Chronique : Vents d’Est – Ballade pour une mer qui chante – Vol. 1

Par Baltazar Montanaro

Vents d’Est – Ballade pour une mer qui chante – Volume 1

Cimo & To – 1996

Ce disque est un moment capté sur scène, un hommage à la fraternité/sororité qui transparait dans la musique. Autours de compositions de Miquèu Montanaro, des artistes venus des quatre coins du monde ont conversé durant ces concerts, avec leurs cultures, leurs différences et leurs points communs.

La manière de composer ces musiques permet à chaque artiste de s’approprier le thème, de pouvoir l’ornementer à sa manière, y poser un poème, une chanson et d’y faire résonner toute la complexité de sa propre tradition. Ainsi malgré la diversité des modes, des sons et des cultures, du trad kurde au free jazz américain, du chant soufi au flamenco, le fil conducteur est commun et le flot musical est sans cesse cohérent.

Toute la musique de « Vents d’Est » est construite autours des voix d’artistes tels que Pedro Alledo, Dihya Zniber, Néna Vénétsanou, Gülseren Yildirim, Lo Corou de Berra, Georges Moustaki , Arthur H et tant d’autres qui ont partagé l’aventure collective. On retrouve dans cette musique une véritable quête de l’Humain.

Cet album est, dans le paysage musical européen, une sorte de référence des possibles. Là où les puissants ont mis des rideaux de fer, des interdits, là où ils ont séparé les peuples par des frontières dont ils n’avaient ni besoin ni envie, cette musique a résonné et résonne toujours dans le cœur des gens, comme un appel à la liberté, à l’amour débarrassé de toutes les mièvreries qu’on pourrait lui coller, comme un cri face aux intolérances.

L’idée que la haine n’est pas une fatalité et que toutes les traditions ont un socle commun sur lequel sont bâties leurs spécificités, fait de ce disque un manifeste en faveur du dialogue, une sorte d’hymne international de tous les peuples. En Hongrie le travail de Miquèu Montanaro et de « Vents d’Est » est enseigné à l’Académie nationale de musique, comme étant un pierre marquante de l’histoire de la musique hongroise.

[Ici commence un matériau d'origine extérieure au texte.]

lemma a_chain:
  assumes "refuted_within G Q B" and FG: "F \<subseteq> G" and "1 \<le> a" "a \<le> b" "b < n"
    and "\<And>\<tau>. P \<tau> \<Longrightarrow> \<tau> (AuxA b)"
    and "\<And>\<tau>. P \<tau> \<Longrightarrow> \<tau> (AuxA a) \<Longrightarrow> Q \<tau>"
    and "b - a + B \<le> B'"
  shows "refuted_within G P B'"
  using \<open>a \<le> b\<close> assms(5-)
proof (induction b arbitrary: P B' rule: dec_induct)
  case base
  then show ?case by (intro refuted_within_mono[OF assms(1)]) auto
next
  case (step b)
  have "refuted_within G (\<lambda>\<tau>. P \<tau> \<and> \<tau> (AuxA b)) (b - a + B)"
    by (rule step.IH) (use step.prems in auto)
  then show ?case
    by (rule refuted_within_propagates[where cls = "[(a_step b, Pos (AuxA b))]"])
      (use step.prems step.hyps assms(3) a_step_in[OF FG, of b] in auto)
qed

text \<open>The RUP proofs below read their propagation trace backwards: each step prepends the
  propagations that lead to the state of the previous step, until the state without any
  assumption is reached.\<close>

lemma rup_t_or_d_first:
  assumes "F \<subseteq> G"
  shows "\<exists>p \<le> i 1 + 5. rup G (t_or_d_clause i 1) p"
proof -
  let ?goal = "negc (t_or_d_clause i 1)"
  let ?G = "insert ?goal G"
  have FG: "F \<subseteq> ?G" using assms by blast
  have m: "1 \<le> i 1" "i 1 \<le> n" using i_bounds k_pos by auto
  have "refuted_within ?G
      (\<lambda>\<tau>. \<not> \<tau> (AuxT 1) \<and> \<not> \<tau> (AuxD (i 1)) \<and> \<tau> (X (i 1)) \<and> \<not> sat \<tau> (\<sigma> (Pos (X (i 1))))) (i 1 + 1)"
    by (rule d_chain_break[OF refuted_within_False[where B = 0] FG, where a = 0 and m = "i 1"])
      (use m \<sigma>_fixes_below in auto)
  then have "refuted_within ?G (\<lambda>_. True) (i 1 + 5)"
    by (rule refuted_within_propagates[where cls = "[(?goal, Neg (AuxT 1)), (?goal, Neg (AuxD (i 1))),
          (t_step 0, Pos (X (i 1))), (t_step 0, neg (\<sigma> (Pos (X (i 1)))))]"])
      (use t_step_in[OF FG] k_pos in \<open>auto simp: t_or_d_clause_def\<close>)
  then show ?thesis by (rule rup_if_refuted_within) simp
qed

lemma rup_s_imp_d_first:
  assumes "F \<subseteq> G" and "1 < k"
  shows "\<exists>p \<le> i 1 + 5. rup G (s_imp_d_clause i 1) p"
proof -
  let ?goal = "negc (s_imp_d_clause i 1)"
  let ?G = "insert ?goal G"
  have FG: "F \<subseteq> ?G" using assms by blast
  have m: "1 \<le> i 1" "i 1 \<le> n" using i_bounds k_pos by auto
  have "refuted_within ?G (\<lambda>\<tau>. \<tau> (AuxS 1) \<and> \<not> \<tau> (X (i 1)) \<and> sat \<tau> (\<sigma> (Pos (X (i 1))))) 0"
    by (rule refuted_within_conflict[OF s_step_in[OF FG, of 0]]) (use assms(2) in auto)
  then have "refuted_within ?G (\<lambda>\<tau>. \<tau> (AuxS 1) \<and> \<not> \<tau> (AuxD (i 1))) (i 1 + 1)"
    by (rule d_chain_break[OF _ FG, where a = 0 and m = "i 1"]) (use m \<sigma>_fixes_below in auto)
  then have "refuted_within ?G (\<lambda>_. True) (i 1 + 3)"
    by (rule refuted_within_propagates[where cls = "[(?goal, Pos (AuxS 1)), (?goal, Neg (AuxD (i 1)))]"])
      (auto simp: s_imp_d_clause_def)
  then show ?thesis by (rule rup_if_refuted_within) simp
qed

lemma rup_a_imp_t_first:
  assumes "F \<subseteq> G" and "1 < k"
  shows "\<exists>p \<le> i 1 + 5. rup G (a_imp_t_clause i 1) p"
proof -
  let ?goal = "negc (a_imp_t_clause i 1)"
  let ?G = "insert ?goal G"
  have FG: "F \<subseteq> ?G" using assms by blast
  have "i 1 < i 2" "i 2 \<le> n" "1 \<le> i 1" using assms(2) i_less_iff i_bounds k_pos by auto
  then have m: "Suc (i 1 - 1) = i 1" "i 1 - 1 + 2 \<le> n" by auto
  have "refuted_within ?G
      (\<lambda>\<tau>. \<tau> (AuxA (i 1)) \<and> \<not> \<tau> (AuxT 1) \<and> \<tau> (X (i 1)) \<and> \<not> sat \<tau> (\<sigma> (Pos (X (i 1))))) 0"
    by (rule refuted_within_conflict[OF a_step_in[OF FG m(2)]]) (use m in auto)
  then have "refuted_within ?G (\<lambda>_. True) 4"
    by (rule refuted_within_propagates[where cls = "[(?goal, Pos (AuxA (i 1))), (?goal, Neg (AuxT 1)),
          (t_step 0, Pos (X (i 1))), (t_step 0, neg (\<sigma> (Pos (X (i 1)))))]"])
      (use t_step_in[OF FG] k_pos in \<open>auto simp: a_imp_t_clause_def\<close>)
  then show ?thesis by (rule rup_if_refuted_within) simp
qed

lemma rup_t_step:
  assumes "F \<subseteq> G" and j: "1 \<le> j" "j < k" and "s_imp_d_clause i j \<in> G"
  shows "\<exists>p \<le> 2 * (i (Suc j) - i j) + 8. rup G (t_step_clause i j) p"
proof -
  let ?a = "i j" and ?m = "i (Suc j)"
  let ?goal = "negc (t_step_clause i j)"
  let ?G = "insert ?goal G"
  have FG: "F \<subseteq> ?G" using assms by blast
  note support = consecutive_support[OF j]
  have "refuted_within ?G (\<lambda>\<tau>. \<not> \<tau> (AuxT (Suc j)) \<and> \<not> \<tau> (AuxD ?m) \<and> \<tau> (AuxT j) \<and> \<tau> (AuxS j)
      \<and> \<tau> (X ?m) \<and> \<not> sat \<tau> (\<sigma> (Pos (X ?m))) \<and> \<tau> (AuxD ?a)) (?m - ?a + 1)"
    by (rule d_chain_break[OF refuted_within_False[where B = 0] FG, where a = ?a and m = ?m])
      (use support \<sigma>_fixes_between j in auto)
  then have "refuted_within ?G (\<lambda>_. True) (?m - ?a + 8)"
    by (rule refuted_within_propagates[where cls = "[(?goal, Neg (AuxT (Suc j))), (?goal, Neg (AuxD ?m)),
          (?goal, Pos (AuxT j)), (t_step j, Pos (AuxS j)), (t_step j, Pos (X ?m)),
          (t_step j, neg (\<sigma> (Pos (X ?m)))), (s_imp_d_clause i j, Pos (AuxD ?a))]"])
      (use assms t_step_in[OF FG] in \<open>auto simp: invariant_clause_defs\<close>)
  then show ?thesis by (rule rup_if_refuted_within) simp
qed

lemma rup_t_or_d_step:
  assumes "F \<subseteq> G" and j: "1 \<le> j" "j < k"
    and "t_step_clause i j \<in> G" "t_or_d_clause i j \<in> G" "a_imp_t_clause i j \<in> G"
  shows "\<exists>p \<le> 2 * (i (Suc j) - i j) + 8. rup G (t_or_d_clause i (Suc j)) p"
proof -
  let ?a = "i j" and ?m = "i (Suc j)"
  let ?goal = "negc (t_or_d_clause i (Suc j))"
  let ?G = "insert ?goal G"
  let ?P = "\<lambda>\<tau>. \<not> \<tau> (AuxT (Suc j)) \<and> \<not> \<tau> (AuxD ?m) \<and> \<not> \<tau> (AuxT j) \<and> \<tau> (AuxD ?a)"
  have FG: "F \<subseteq> ?G" using assms by blast
  note support = consecutive_support[OF j]
  then have m: "Suc (?m - 1) = ?m" "?m - 1 < n" "?m \<noteq> 1" by auto
  have "refuted_within ?G (\<lambda>\<tau>. ?P \<tau> \<and> \<tau> (AuxA ?a)) 0"
    by (rule refuted_within_conflict[where c = "a_imp_t_clause i j"])
      (use assms in \<open>auto simp: a_imp_t_clause_def\<close>)
  then have "refuted_within ?G (\<lambda>\<tau>. ?P \<tau> \<and> \<tau> (AuxA (?m - 1))) (?m - ?a)"
    by (rule a_chain[OF _ FG, where a = ?a and b = "?m - 1"]) (use support in auto)
  then have "refuted_within ?G
      (\<lambda>\<tau>. ?P \<tau> \<and> \<tau> (AuxD (?m - 1)) \<and> \<not> \<tau> (X ?m) \<and> sat \<tau> (\<sigma> (Pos (X ?m)))) (?m - ?a + 1)"
    by (rule refuted_within_propagates[where cls = "[(d_step (?m - 1), Pos (AuxA (?m - 1)))]"])
      (use m d_step_in[OF FG] in auto)
  then have "refuted_within ?G ?P (2 * (?m - ?a) + 2)"
    by (rule d_chain_break[OF _ FG, where a = ?a and m = ?m]) (use support m \<sigma>_fixes_between j in auto)
  then have "refuted_within ?G (\<lambda>_. True) (2 * (?m - ?a) + 6)"
    by (rule refuted_within_propagates[where cls = "[(?goal, Neg (AuxT (Suc j))), (?goal, Neg (AuxD ?m)),
          (t_step_clause i j, Neg (AuxT j)), (t_or_d_clause i j, Pos (AuxD ?a))]"])
      (use assms in \<open>auto simp: invariant_clause_defs\<close>)
  then show ?thesis by (rule rup_if_refuted_within) simp
qed

lemma rup_s_imp_d_step:
  assumes "F \<subseteq> G" and j: "1 \<le> j" "Suc j < k" and "s_imp_d_clause i j \<in> G"
  shows "\<exists>p \<le> 2 * (i (Suc j) - i j) + 8. rup G (s_imp_d_clause i (Suc j)) p"
proof -
  let ?a = "i j" and ?m = "i (Suc j)"
  let ?goal = "negc (s_imp_d_clause i (Suc j))"
  let ?G = "insert ?goal G"
  let ?P = "\<lambda>\<tau>. \<tau> (AuxS (Suc j)) \<and> \<not> \<tau> (AuxD ?m) \<and> \<tau> (AuxS j) \<and> \<tau> (AuxD ?a)"
  have FG: "F \<subseteq> ?G" using assms by blast
  note support = consecutive_support[OF j(1) Suc_lessD[OF j(2)]]
  have "refuted_within ?G (\<lambda>\<tau>. ?P \<tau> \<and> \<not> \<tau> (X ?m) \<and> sat \<tau> (\<sigma> (Pos (X ?m)))) 0"
    by (rule refuted_within_conflict[OF s_step_in[OF FG, of j]]) (use j in auto)
  then have "refuted_within ?G ?P (?m - ?a + 1)"
    by (rule d_chain_break[OF _ FG, where a = ?a and m = ?m]) (use support \<sigma>_fixes_between j in auto)
  then have "refuted_within ?G (\<lambda>_. True) (?m - ?a + 5)"
    by (rule refuted_within_propagates[where cls = "[(?goal, Pos (AuxS (Suc j))), (?goal, Neg (AuxD ?m)),
          (s_step j, Pos (AuxS j)), (s_imp_d_clause i j, Pos (AuxD ?a))]"])
      (use assms s_step_in[OF FG] in \<open>auto simp: invariant_clause_defs\<close>)
  then show ?thesis by (rule rup_if_refuted_within) simp
qed

lemma rup_a_imp_t_step:
  assumes "F \<subseteq> G" and j: "1 \<le> j" "Suc j < k" and "a_imp_t_clause i j \<in> G"
  shows "\<exists>p \<le> 2 * (i (Suc j) - i j) + 8. rup G (a_imp_t_clause i (Suc j)) p"
proof -
  let ?a = "i j" and ?m = "i (Suc j)"
  let ?goal = "negc (a_imp_t_clause i (Suc j))"
  let ?G = "insert ?goal G"
  let ?P = "\<lambda>\<tau>. \<tau> (AuxA ?m) \<and> \<not> \<tau> (AuxT (Suc j))"
  have FG: "F \<subseteq> ?G" using assms by blast
  note support = consecutive_support[OF j(1) Suc_lessD[OF j(2)]]
  have "?m < i (Suc (Suc j))" "i (Suc (Suc j)) \<le> n"
    using consecutive_support[of "Suc j"] j by auto
  with support have m: "Suc (?m - 1) = ?m" "?m - 1 + 2 \<le> n" "?m < n" by auto
  have "refuted_within ?G (\<lambda>\<tau>. ?P \<tau> \<and> \<tau> (AuxT j) \<and> \<tau> (X ?m) \<and> \<not> sat \<tau> (\<sigma> (Pos (X ?m)))) 0"
    by (rule refuted_within_conflict[OF a_step_in[OF FG m(2)]]) (use m in auto)
  then have "refuted_within ?G (\<lambda>\<tau>. ?P \<tau> \<and> \<tau> (AuxA ?a)) 3"
    by (rule refuted_within_propagates[where cls = "[(a_imp_t_clause i j, Pos (AuxT j)),
          (t_step j, Pos (X ?m)), (t_step j, neg (\<sigma> (Pos (X ?m))))]"])
      (use assms j t_step_in[OF FG] in \<open>auto simp: a_imp_t_clause_def\<close>)
  then have "refuted_within ?G ?P (?m - ?a + 3)"
    by (rule a_chain[OF _ FG, where a = ?a and b = ?m]) (use support m in auto)
  then have "refuted_within ?G (\<lambda>_. True) (?m - ?a + 5)"
    by (rule refuted_within_propagates[where cls = "[(?goal, Pos (AuxA ?m)), (?goal, Neg (AuxT (Suc j)))]"])
      (auto simp: a_imp_t_clause_def)
  then show ?thesis by (rule rup_if_refuted_within) simp
qed

lemma rup_falsum:
  assumes "F \<subseteq> G" and "clause [Neg (AuxT k)] \<in> G" "clause [Neg (AuxD n)] \<in> G"
    and "t_or_d_clause i k \<in> G"
  shows "\<exists>p \<le> n + 2. rup G falsum p"
proof -
  let ?G = "insert (negc falsum) G"
  have FG: "F \<subseteq> ?G" using assms by blast
  have support: "1 \<le> i k" "i k \<le> n" using i_bounds k_pos by auto
  have "refuted_within ?G (\<lambda>\<tau>. \<tau> (AuxD n)) 0"
    by (rule refuted_within_conflict[where c = "clause [Neg (AuxD n)]"]) (use assms in auto)
  then have "refuted_within ?G (\<lambda>\<tau>. \<not> \<tau> (AuxT k) \<and> \<tau> (AuxD (i k))) (n - i k)"
    by (rule d_chain[OF _ FG, where a = "i k" and b = n]) (use support \<sigma>_fixes_above in auto)
  then have "refuted_within ?G (\<lambda>_. True) (n - i k + 2)"
    by (rule refuted_within_propagates[where cls = "[(clause [Neg (AuxT k)], Neg (AuxT k)),
          (t_or_d_clause i k, Pos (AuxD (i k)))]"])
      (use assms in \<open>auto simp: t_or_d_clause_def\<close>)
  then show ?thesis by (rule rup_if_refuted_within) simp
qed

definition derives_invariants :: "nat \<Rightarrow> var pstep list \<Rightarrow> bool" where
  "derives_invariants j st \<longleftrightarrow> valid_from F st
     \<and> sum_list (map step_cost st) \<le> 4 * j \<and> sum_list (map step_props st) \<le> 32 * j + 8 * i j
     \<and> t_or_d_clause i j \<in> derived F st
     \<and> (j < k \<longrightarrow> s_imp_d_clause i j \<in> derived F st \<and> a_imp_t_clause i j \<in> derived F st)"

lemma derives_invariants_first: "\<exists>st. derives_invariants 1 st"
proof -
  obtain p1 where p1: "p1 \<le> i 1 + 5" "rup F (t_or_d_clause i 1) p1"
    using rup_t_or_d_first by blast
  let ?F1 = "insert (t_or_d_clause i 1) F"
  show ?thesis
  proof (cases "1 < k")
    case True
    obtain p2 where p2: "p2 \<le> i 1 + 5" "rup ?F1 (s_imp_d_clause i 1) p2"
      using rup_s_imp_d_first[of ?F1] True by blast
    obtain p3 where p3: "p3 \<le> i 1 + 5" "rup (insert (s_imp_d_clause i 1) ?F1) (a_imp_t_clause i 1) p3"
      using rup_a_imp_t_first[of "insert (s_imp_d_clause i 1) ?F1"] True by blast
    show ?thesis
      by (rule exI[of _ "[RUPStep (t_or_d_clause i 1) p1, RUPStep (s_imp_d_clause i 1) p2,
            RUPStep (a_imp_t_clause i 1) p3]"])
        (use p1 p2 p3 in \<open>auto simp: derives_invariants_def derived_def\<close>)
  next
    case False
    then show ?thesis
      by (intro exI[of _ "[RUPStep (t_or_d_clause i 1) p1]"])
        (use p1 in \<open>auto simp: derives_invariants_def derived_def\<close>)
  qed
qed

Ce disque est le premier d’une série de trois albums. Il est suivi de Ballade pour une mer qui chante – volume 2 et  Ballade pour une mer qui chante – volume 3 qui regroupent des enregistrements de concerts donnés dans toute l’Europe. On retrouve les éléments qui font les grands disques en « live », le temps suspendu, la tension, la réponse du public, les imprévus, les accidents parfois, mais toujours une présence sans fards. Ces albums et les concerts donnés notamment dans les années quatre-vingt-dix ont marqué les esprits, proposant une musique résolument contemporaine mêlant les traditions les plus diverses et la notion d’instant présent.

Le groupe « Vents d’Est » est toujours actif et se produit encore lorsqu’il est invité, continuant à tisser des liens, des ponts au dessus de la mer, tendre des mains et écouter « l’étranger » pour mieux l’accueillir.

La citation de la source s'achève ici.